From: G. Branden Robinson @ 2022-08-14 22:35 UTC (permalink / raw)
  To: DJ Chase; +Cc: Ingo Schwarze, Alejandro Colomar, linux-man, groff

[-- Attachment #1: Type: text/plain, Size: 2183 bytes --]

At 2022-08-14T14:49:10+0000, DJ Chase wrote:
> On Sun Aug 14, 2022 at 9:56 AM EDT, Ingo Schwarze wrote:
> > DJ Chase wrote on Sat, Aug 13, 2022 at 05:27:34PM +0000:
> >
> > > Have we ever considered a de jure *roff standard?
> >
> > No, i think that would be pure madness given the amount of working
> > time available in any of the roff projects.

Mark your calendars--Ingo and I are in substantial agreement.  ;-)
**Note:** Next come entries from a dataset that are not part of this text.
lemma fo_definable_const: "fo_definable V (\<lambda>s \<nu>. b)"
proof -
  have "fo_definable V (\<lambda>s \<nu>. False)"
    unfolding fo_definable_def by (intro exI[of _ "FEx 0 (FNot (FEq 0 0))"]) auto
  then show ?thesis using fo_definable_neg by (cases b) fastforce+
qed

lemma fo_definable_ex:
  assumes "fo_definable (insert z V) \<Phi>"
  shows "fo_definable V (\<lambda>s \<nu>. \<exists>p\<ge>1. \<Phi> s (\<nu>(z := p)))"
proof -
  obtain \<phi> where "fv \<phi> \<subseteq> insert z V" "\<forall>s \<nu>. pos_valuation \<nu> \<longrightarrow> (sat s \<nu> \<phi> \<longleftrightarrow> \<Phi> s \<nu>)"
    using assms unfolding fo_definable_def by blast
  moreover have "pos_valuation (\<nu>(z := p))" if "pos_valuation \<nu>" "1 \<le> p" for \<nu> p
    using that by (auto simp: pos_valuation_def)
  ultimately show ?thesis unfolding fo_definable_def by (intro exI[of _ "FEx z \<phi>"]) auto
qed

lemma fo_definable_bex:
  "finite I \<Longrightarrow> (\<And>i. i \<in> I \<Longrightarrow> fo_definable V (\<Phi> i)) \<Longrightarrow> fo_definable V (\<lambda>s \<nu>. \<exists>i\<in>I. \<Phi> i s \<nu>)"
proof (induction I rule: finite_induct)
  case empty
  show ?case using fo_definable_const[of V False] by simp
next
  case (insert a I)
  then show ?case using fo_definable_disj[of V "\<Phi> a"] by simp
qed

lemma fo_definable1_cong:
  assumes "fo_definable1 D" and "\<And>s x. 1 \<le> x \<Longrightarrow> D s x = D' s x"
  shows "fo_definable1 D'"
  unfolding fo_definable1_def
proof
  fix x
  show "fo_definable {x} (\<lambda>s \<nu>. D' s (\<nu> x))"
    by (rule fo_definable_cong[OF assms(1)[unfolded fo_definable1_def, rule_format, of x]])
      (simp add: assms(2) pos_valuation_def)
qed

lemma fo_definable2_cong:
  assumes "fo_definable2 D" and "\<And>s x y. 1 \<le> x \<Longrightarrow> 1 \<le> y \<Longrightarrow> D s x y = D' s x y"
  shows "fo_definable2 D'"
  unfolding fo_definable2_def
proof (intro allI)
  fix x y
  show "fo_definable {x, y} (\<lambda>s \<nu>. D' s (\<nu> x) (\<nu> y))"
    by (rule fo_definable_cong[OF assms(1)[unfolded fo_definable2_def, rule_format, of x y]])
      (simp add: assms(2) pos_valuation_def)
qed

lemma fo_definable1_const: "fo_definable1 (\<lambda>s x. b)"
  unfolding fo_definable1_def by (auto intro: fo_definable_const)

lemma fo_definable1_letter: "fo_definable1 (\<lambda>s p. s (p - 1) = a)"
  unfolding fo_definable1_def fo_definable_def
proof
  fix x show "\<exists>\<phi>. fv \<phi> \<subseteq> {x} \<and> (\<forall>s \<nu>. pos_valuation \<nu> \<longrightarrow> sat s \<nu> \<phi> = (s (\<nu> x - 1) = a))"
    by (intro exI[of _ "FLetter a x"]) auto
qed

lemma fo_definable1_conj: "fo_definable1 D \<Longrightarrow> fo_definable1 E \<Longrightarrow> fo_definable1 (\<lambda>s x. D s x \<and> E s x)"
  unfolding fo_definable1_def by (auto intro: fo_definable_conj)

lemma fo_definable1_disj: "fo_definable1 D \<Longrightarrow> fo_definable1 E \<Longrightarrow> fo_definable1 (\<lambda>s x. D s x \<or> E s x)"
  unfolding fo_definable1_def by (auto intro: fo_definable_disj)

lemma fo_definable1_neg: "fo_definable1 D \<Longrightarrow> fo_definable1 (\<lambda>s x. \<not> D s x)"
  unfolding fo_definable1_def by (auto intro: fo_definable_neg)

lemma fo_definable1_bex:
  "finite I \<Longrightarrow> (\<And>i. i \<in> I \<Longrightarrow> fo_definable1 (D i)) \<Longrightarrow> fo_definable1 (\<lambda>s x. \<exists>i\<in>I. D i s x)"
  unfolding fo_definable1_def by (auto intro: fo_definable_bex)

lemma fo_definable2_const: "fo_definable2 (\<lambda>s x y. b)"
  unfolding fo_definable2_def by (auto intro: fo_definable_const)

lemma fo_definable2_less: "fo_definable2 (\<lambda>s x y. x < y)"
  unfolding fo_definable2_def fo_definable_def
proof (intro allI)
  fix x y show "\<exists>\<phi>. fv \<phi> \<subseteq> {x, y} \<and> (\<forall>s \<nu>. pos_valuation \<nu> \<longrightarrow> sat s \<nu> \<phi> = (\<nu> x < \<nu> y))"
    by (intro exI[of _ "FLess x y"]) auto
qed

lemma fo_definable2_conj: "fo_definable2 D \<Longrightarrow> fo_definable2 E \<Longrightarrow> fo_definable2 (\<lambda>s x y. D s x y \<and> E s x y)"
  unfolding fo_definable2_def by (auto intro: fo_definable_conj)

lemma fo_definable2_disj: "fo_definable2 D \<Longrightarrow> fo_definable2 E \<Longrightarrow> fo_definable2 (\<lambda>s x y. D s x y \<or> E s x y)"
  unfolding fo_definable2_def by (auto intro: fo_definable_disj)

lemma fo_definable2_neg: "fo_definable2 D \<Longrightarrow> fo_definable2 (\<lambda>s x y. \<not> D s x y)"
  unfolding fo_definable2_def by (auto intro: fo_definable_neg)

lemma fo_definable2_bex:
  "finite I \<Longrightarrow> (\<And>i. i \<in> I \<Longrightarrow> fo_definable2 (D i)) \<Longrightarrow> fo_definable2 (\<lambda>s x y. \<exists>i\<in>I. D i s x y)"
  unfolding fo_definable2_def by (auto intro: fo_definable_bex)

lemma fo_definable2_le: "fo_definable2 (\<lambda>s x y. x \<le> y)"
proof -
  have "fo_definable2 (\<lambda>s x y. \<not> x < y)"
    by (rule fo_definable2_neg[OF fo_definable2_less])
  then have swapped: "fo_definable {a, b} (\<lambda>s \<nu>. \<not> \<nu> a < \<nu> b)" for a b
    unfolding fo_definable2_def by blast
  show ?thesis unfolding fo_definable2_def
  proof (intro allI)
    fix x y :: nat
    have "{y, x} = {x, y}" by blast
    then show "fo_definable {x, y} (\<lambda>s \<nu>. \<nu> x \<le> \<nu> y)"
      using swapped[of y x] by (simp add: not_less)
  qed
qed

lemma fo_definable2_fst: "fo_definable1 D \<Longrightarrow> fo_definable2 (\<lambda>s x y. D s x)"
  unfolding fo_definable2_def fo_definable1_def by (auto intro: fo_definable_mono)

lemma fo_definable2_snd: "fo_definable1 D \<Longrightarrow> fo_definable2 (\<lambda>s x y. D s y)"
  unfolding fo_definable2_def fo_definable1_def by (auto intro: fo_definable_mono)

lemma fo_definable2_relcomp:
  assumes "fo_definable2 D" and "fo_definable2 E"
  shows "fo_definable2 (\<lambda>s x y. \<exists>z\<ge>1. D s x z \<and> E s z y)"
  unfolding fo_definable2_def
proof (intro allI)
  fix x y :: nat
  define z where "z = x + y + 1"
  have "fo_definable (insert z {x, y}) (\<lambda>s \<nu>. D s (\<nu> x) (\<nu> z) \<and> E s (\<nu> z) (\<nu> y))"
  proof (rule fo_definable_conj)
    show "fo_definable (insert z {x, y}) (\<lambda>s \<nu>. D s (\<nu> x) (\<nu> z))"
      by (rule fo_definable_mono[OF assms(1)[unfolded fo_definable2_def, rule_format, of x z]]) auto
    show "fo_definable (insert z {x, y}) (\<lambda>s \<nu>. E s (\<nu> z) (\<nu> y))"
      by (rule fo_definable_mono[OF assms(2)[unfolded fo_definable2_def, rule_format, of z y]]) auto
  qed
  from fo_definable_ex[OF this] show "fo_definable {x, y} (\<lambda>s \<nu>. \<exists>z\<ge>1. D s (\<nu> x) z \<and> E s z (\<nu> y))"
    by (simp add: z_def)
qed

lemma fo_definable1_ex:
  assumes "fo_definable2 E"
  shows "fo_definable1 (\<lambda>s y. \<exists>x\<ge>1. E s x y)"
  unfolding fo_definable1_def
proof (intro allI)
  fix y :: nat
  have "fo_definable (insert (Suc y) {y}) (\<lambda>s \<nu>. E s (\<nu> (Suc y)) (\<nu> y))"
    using assms unfolding fo_definable2_def by auto
  from fo_definable_ex[OF this] show "fo_definable {y} (\<lambda>s \<nu>. \<exists>x\<ge>1. E s x (\<nu> y))"
    by simp
qed

lemma fo_definable1_at_first:
  assumes "fo_definable2 D"
  shows "fo_definable1 (\<lambda>s y. D s 1 y)"
proof -
  have "fo_definable1 (\<lambda>s y. \<exists>x\<ge>1. \<not> (\<exists>w\<ge>1. w < x) \<and> D s x y)"
    by (intro fo_definable1_ex fo_definable2_conj fo_definable2_fst fo_definable1_neg fo_definable1_ex
        fo_definable2_less assms)
  moreover have "(\<not> (\<exists>w\<ge>1. w < x)) \<longleftrightarrow> \<not> 1 < x" for x :: nat
    by (meson le_less_trans order_refl)
  then have "(\<exists>x\<ge>1. \<not> (\<exists>w\<ge>1. w < x) \<and> D s x y) \<longleftrightarrow> D s 1 y" for s y
    by (auto simp: not_less dest: le_antisym)
  ultimately show ?thesis by simp
qed

section \<open>Products over marked positions and local divisors\<close>

definition aperiodic_monoid :: "('m, 'b) monoid_scheme \<Rightarrow> bool" where
  "aperiodic_monoid G \<longleftrightarrow> monoid G \<and> (\<forall>x\<in>carrier G. \<exists>n::nat. x [^]\<^bsub>G\<^esub> n = x [^]\<^bsub>G\<^esub> Suc n)"

text \<open>\<open>marked_prod G P lab x y\<close> multiplies the labels of the positions \<open>p\<close> with \<open>P p\<close> in the
  half-open interval \<open>x < p \<le> y\<close>, from left to right.\<close>

fun marked_prod :: "('m, 'b) monoid_scheme \<Rightarrow> (nat \<Rightarrow> bool) \<Rightarrow> (nat \<Rightarrow> 'm) \<Rightarrow> nat \<Rightarrow> nat \<Rightarrow> 'm" where
  "marked_prod G P lab x 0 = \<one>\<^bsub>G\<^esub>"
| "marked_prod G P lab x (Suc y) =
     (if Suc y \<le> x then \<one>\<^bsub>G\<^esub>
      else if P (Suc y) then marked_prod G P lab x y \<otimes>\<^bsub>G\<^esub> lab (Suc y)
      else marked_prod G P lab x y)"

definition labels_in :: "'m set \<Rightarrow> (nat \<Rightarrow> bool) \<Rightarrow> (nat \<Rightarrow> 'm) \<Rightarrow> nat \<Rightarrow> nat \<Rightarrow> bool" where
  "labels_in A P lab x y \<longleftrightarrow> (\<forall>p. x < p \<and> p \<le> y \<and> P p \<longrightarrow> lab p \<in> A)"

lemma labels_in_mono: "labels_in A P lab x y \<Longrightarrow> A \<subseteq> B \<Longrightarrow> labels_in B P lab x y"
  unfolding labels_in_def by blast

lemma labels_in_subinterval:
  "labels_in A P lab x y \<Longrightarrow> x \<le> x' \<Longrightarrow> y' \<le> y \<Longrightarrow> labels_in A P lab x' y'"
  unfolding labels_in_def by auto

lemma marked_prod_empty: "y \<le> x \<Longrightarrow> marked_prod G P lab x y = \<one>\<^bsub>G\<^esub>"
  by (induction y) auto

lemma marked_prod_unmarked:
  "(\<And>p. x < p \<Longrightarrow> p \<le> y \<Longrightarrow> \<not> P p) \<Longrightarrow> marked_prod G P lab x y = \<one>\<^bsub>G\<^esub>"
  by (induction y) auto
> This is very sad to hear.

I think the take-away here is that the decision to formally standardize
a technology, like many things, is an economic one.  There are costs and
benefits.  Being seduced by the benefits without a full understanding of
the costs often leads to remorse.  (And, in many domains, fat
commissions for sales personnel.)

> That’s probably because *I* massively overrate the importance of
> standardization (I mean I literally carry a standards binder with me).
> Still, though, it’s rather annoying that end users — especially
> programmers — don’t value standards as much.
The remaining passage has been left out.